Hopes have faded that hydroacoustic signals picked up on the floor of the Indian Ocean might help to locate the Malaysian Airlines flight MH370 airliner that disappeared in March. Data from an additional sensor suggest that the signal probably resulted from geological activity and not the sound of an aircraft crashing into the ocean’s surface.
In June, Australian scientists had reported that sensitive microphones off the Australian coast had detected a distinctive signal at 01:30 coordinated universal time (UTC) on 8 March, around the time satellites lost contact with the Boeing 777 airliner.
The initially reported signals were discovered by an ocean acoustics group at Curtin University’s Centre for Marine Science and Technology in Perth, Australia. They were studying data from an acoustic station in Perth Canyon, about 40 kilometres west of Rottnest Island off the country’s west coast (see ‘Sound clue in hunt for MH370′).

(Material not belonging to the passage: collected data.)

lemma r_pos: "0 \<le> t \<Longrightarrow> t < T \<Longrightarrow> r t > 0"
  using F_pos[of t] G_pos[of t] by (simp add: r_def)

lemma F_less_r: "0 < t \<Longrightarrow> t < T \<Longrightarrow> F t < r t"
proof -
  assume t: "0 < t" "t < T"
  have "F t / 1 < F t / G t"
    using F_pos[of t] G_pos[of t] G_less_1[of t] t by (intro divide_strict_left_mono) auto
  then show ?thesis by (simp add: r_def)
qed

definition "psi t = a - a * r t + t * (r t * r t) / (4 * a)"

lemma r_riccati: "0 \<le> t \<Longrightarrow> t < T \<Longrightarrow> t * dr t = psi t"
proof -
  assume t: "0 \<le> t" "t < T"
  have g: "G t > 0" using G_pos t by simp
  have "t * dr t = (t * dF t * G t + t * F t * F t / (4 * a)) / (G t * G t)"
    by (simp add: dr_def algebra_simps add_divide_distrib)
  also have "\<dots> = (a * (G t - F t) * G t + t * F t * F t / (4 * a)) / (G t * G t)"
    by (simp only: F_recurrence)
  also have "\<dots> = psi t"
    unfolding psi_def r_def using g a_pos by (simp add: field_simps)
  finally show ?thesis .
qed

lemma dr_pos: "0 < t \<Longrightarrow> t < T \<Longrightarrow> dr t > 0"
proof -
  assume t: "0 < t" "t < T"
  define dpsi where "dpsi t = - (a * dr t) + (r t * r t + t * (2 * r t * dr t)) / (4 * a)" for t
  have "psi t > 0"
  proof (rule pos_if_deriv_pos_at_zeros[where \<phi> = psi and \<phi>' = dpsi])
    fix t assume "0 \<le> t" "t < T"
    then have "(r has_real_derivative dr t) (at t)" using G_pos[of t] r_deriv by simp
    then have "((\<lambda>t. a - a * r t + t * (r t * r t) / (4 * a)) has_real_derivative
        0 - a * dr t + ((1 * (r t * r t) + (dr t * r t + dr t * r t) * t) / (4 * a))) (at t)"
      by (intro DERIV_add DERIV_diff DERIV_const DERIV_cmult DERIV_cdivide DERIV_mult DERIV_ident
          | simp)+
    then show "(psi has_real_derivative dpsi t) (at t)"
      unfolding psi_def[abs_def] dpsi_def by (simp add: algebra_simps)
  next
    fix t assume t: "0 \<le> t" "t < T" "psi t = 0"
    \<comment> \<open>at \<open>t > 0\<close> a zero of \<open>psi\<close> is a critical point of \<open>r\<close>; at \<open>t = 0\<close> use \<open>dr 0 < 1 / (4 a)\<close>\<close>
    show "dpsi t > 0"
    proof (cases "t = 0")
      case True
      have "a * (1 / (4 * a)) = 1 / 4" "a * (1 / (4 * (a + 1))) = 1 / 4 - 1 / (4 * (a + 1))"
        using a_pos by (simp_all add: field_simps)
      then have "a * (1 / (4 * a) - 1 / (4 * (a + 1))) = 1 / (4 * (a + 1))"
        by (simp add: right_diff_distrib)
      also have "\<dots> < 1 / (4 * a)" using a_pos by (intro frac_less2) auto
      finally have "a * (1 / (4 * a) - 1 / (4 * (a + 1))) < 1 / (4 * a)" .
      then show ?thesis using True by (simp add: dpsi_def dr_0)
    next
      case False
      then have "dr t = 0" using r_riccati[of t] t by simp
      then show ?thesis using r_pos[of t] t a_pos by (simp add: dpsi_def)
    qed
  qed (use t in \<open>simp_all add: psi_def\<close>)
  then show ?thesis using r_riccati[of t] t by (metis less_eq_real_def zero_less_mult_pos)
qed


definition "c = 4 * a * (a + 1)"
definition "N t = (if t = 0 then 0 else r t ^ 3 - c * ((r t - 1) / t))"

lemma N_deriv:
  assumes t: "0 < t" "t < T"
  shows "(N has_real_derivative 3 * (r t)\<^sup>2 * dr t + (a + 1) * (c * ((r t - 1) / t) - (r t)\<^sup>2) / t) (at t)"
proof -
  have "(r has_real_derivative dr t) (at t)" using r_deriv[of t] G_pos[of t] t by simp
  then have "((\<lambda>t. r t ^ 3 - c * ((r t - 1) / t)) has_real_derivative
      of_nat 3 * (dr t * r t ^ (3 - Suc 0)) - c * (((dr t - 0) * t - (r t - 1) * 1) / (t * t))) (at t)"
    using t by (intro DERIV_diff DERIV_cmult DERIV_power DERIV_divide DERIV_ident DERIV_const) auto
  then have "((\<lambda>t. r t ^ 3 - c * ((r t - 1) / t)) has_real_derivative
      3 * (r t)\<^sup>2 * dr t - c * ((dr t * t - (r t - 1)) / (t * t))) (at t)"
    by (simp add: mult_ac)
  then have d: "(N has_real_derivative 3 * (r t)\<^sup>2 * dr t - c * ((dr t * t - (r t - 1)) / (t * t))) (at t)"
    by (rule has_field_derivative_transform_within_open[where S = "{0<..}"])
      (use t in \<open>auto simp: N_def\<close>)
  have "c * (dr t * t - (r t - 1)) = c * (a - a * r t + t * (r t * r t) / (4 * a) - (r t - 1))"
    using r_riccati[of t] t by (simp add: psi_def mult.commute)
  also have "\<dots> = (a + 1) * (c * (r t - 1)) * (-1) + (a + 1) * t * (r t)\<^sup>2"
    unfolding c_def using a_pos by (simp add: field_simps power2_eq_square)
  finally have e: "c * (dr t * t - (r t - 1)) = (a + 1) * (c * (r t - 1)) * (-1) + (a + 1) * t * (r t)\<^sup>2" .
  have "c * ((dr t * t - (r t - 1)) / (t * t)) = ((a + 1) * (c * (r t - 1)) * (-1) + (a + 1) * t * (r t)\<^sup>2) / (t * t)"
    unfolding e[symmetric] by simp
  also have "\<dots> = - ((a + 1) * (c * ((r t - 1) / t) - (r t)\<^sup>2) / t)"
    using t by (simp add: field_simps)
  finally have "c * ((dr t * t - (r t - 1)) / (t * t)) = - ((a + 1) * (c * ((r t - 1) / t) - (r t)\<^sup>2) / t)" .
  with d show ?thesis by simp
qed

lemma isCont_N_0: "isCont N 0"
proof -
  have "(r has_real_derivative dr 0) (at 0)" using r_deriv[of 0] by simp
  then have "((\<lambda>y. (r y - 1) / y) \<longlongrightarrow> dr 0) (at 0)"
    by (simp add: has_field_derivative_iff)
  moreover have "(r \<longlongrightarrow> 1) (at 0)" using isCont_r[of 0] T_pos by (simp add: isCont_def)
  ultimately have "((\<lambda>y. r y ^ 3 - c * ((r y - 1) / y)) \<longlongrightarrow> 1 ^ 3 - c * dr 0) (at 0)"
    by (intro tendsto_intros)
  \<comment> \<open>\<open>c\<close> is chosen so that \<open>c * dr 0 = 1\<close>\<close>
  moreover have "c * dr 0 = 1"
  proof -
    have "c * dr 0 = 4 * a * (a + 1) / (4 * a) - 4 * a * (a + 1) / (4 * (a + 1))"
      unfolding c_def dr_0 by (simp add: right_diff_distrib)
    also have "4 * a * (a + 1) / (4 * a) = a + 1" using a_pos by simp
    also have "4 * a * (a + 1) / (4 * (a + 1)) = a"
      using nonzero_mult_divide_mult_cancel_right[of "a + 1" "4 * a" 4] a_pos by simp
    finally show ?thesis by simp
  qed
  ultimately have "((\<lambda>y. r y ^ 3 - c * ((r y - 1) / y)) \<longlongrightarrow> 0) (at 0)" by simp
  moreover have "eventually (\<lambda>y. r y ^ 3 - c * ((r y - 1) / y) = N y) (at 0)"
    by (auto simp: N_def eventually_at_filter)
  ultimately have "(N \<longlongrightarrow> 0) (at 0)" by (rule Lim_transform_eventually)
  then show ?thesis by (simp add: isCont_def N_def)
qed

lemma N_pos: "0 < t \<Longrightarrow> t < T \<Longrightarrow> N t > 0"
proof (rule pos_if_deriv_pos_where_nonpos[where \<phi> = N and T = T])
  show "continuous_on {0..<T} N"
  proof (intro continuous_at_imp_continuous_on ballI)
    fix x assume "x \<in> {0..<T}"
    then show "isCont N x" using isCont_N_0 N_deriv[of x] DERIV_isCont by (cases "x = 0") auto
  qed
next
  fix t assume t: "0 < t" "t < T"
  then show "(N has_real_derivative 3 * (r t)\<^sup>2 * dr t + (a + 1) * (c * ((r t - 1) / t) - (r t)\<^sup>2) / t) (at t)"
    by (rule N_deriv)
  assume "N t \<le> 0"
  then have "r t ^ 3 \<le> c * ((r t - 1) / t)" using t by (simp add: N_def)
  moreover have "(r t)\<^sup>2 < r t ^ 3"
    using r_gt_1[OF t] by (simp add: power2_eq_square power3_eq_cube)
  ultimately have "(a + 1) * (c * ((r t - 1) / t) - (r t)\<^sup>2) / t > 0" using a_pos t by simp
  moreover have "3 * (r t)\<^sup>2 * dr t > 0" using dr_pos[OF t] r_gt_1[OF t] by simp
  ultimately show "3 * (r t)\<^sup>2 * dr t + (a + 1) * (c * ((r t - 1) / t) - (r t)\<^sup>2) / t > 0"
    by linarith
qed (simp add: N_def)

That station is one of six belonging to Australia’s Integrated Marine Observing System (IMOS). The team then confirmed the signal using data from the Cape Leeuwin acoustic station, operated by the Comprehensive Nuclear-Test-Ban Treaty Organization (CTBTO) southwest of Australia. This gave a rough fix on the location of the origin of the sound as somewhere along a strip in the northwest of the Indian Ocean (see ‘Lost trail’).

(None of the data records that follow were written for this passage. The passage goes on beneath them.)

lemma semialg_INT_lessThan:
  fixes m :: nat
  assumes "\<And>i. i < m \<Longrightarrow> {x \<in> Rn n. P i x} \<in> semialg n"
  shows "{x \<in> Rn n. \<forall>i<m. P i x} \<in> semialg n"
  using assms
proof (induction m)
  case 0
  then show ?case using semialg_Rn by simp
next
  case (Suc m)
  have "{x \<in> Rn n. \<forall>i<Suc m. P i x} = {x \<in> Rn n. \<forall>i<m. P i x} \<inter> {x \<in> Rn n. P m x}"
    by (auto simp: less_Suc_eq)
  then show ?case using Suc by (simp add: semialg.inter)
qed

lemma closed_Rn: "closed (Rn n)"
proof -
  have "Rn n = {x. \<forall>i. n \<le> i \<longrightarrow> x i = undefined}"
    by (rule set_eqI) (simp add: Rn_def PiE_iff extensional_def not_less)
  also have "closed \<dots>"
  proof (intro closed_Collect_all)
    fix i
    show "closed {x :: nat \<Rightarrow> real. n \<le> i \<longrightarrow> x i = undefined}"
      by (cases "n \<le> i")
        (simp_all add: closed_Collect_eq[OF continuous_on_product_coordinates continuous_on_const])
  qed
  finally show ?thesis .
qed

lemma closed_alg_poly_zero: "f \<in> alg_poly n \<Longrightarrow> closed {x \<in> Rn n. f x = 0}"
proof -
  assume "f \<in> alg_poly n"
  then have "closed (Rn n \<inter> {x. f x = 0})"
    by (intro closed_Int closed_Rn closed_Collect_eq alg_poly_continuous continuous_on_const)
  then show ?thesis by (simp only: Int_def Collect_conj_eq[symmetric] mem_Collect_eq)
qed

On 3 September the researchers recovered data from another IMOS station at Scott Reef, off northwestern Australia. It contains a signal at 01:32:49 UTC that the researchers believe could correspond to the sound event they had detected earlier. Combining the data gave a fix on the location of the sound as the geologically active Carlsberg Ridge, midway between the Horn of Africa and India.
The sound signal also had a low amplitude tail, and taken together these two findings suggest that the event was geological — caused, for example, by an earthquake, underwater landslide or volcanic eruption, says Alec Duncan, a scientist in the Curtin University group.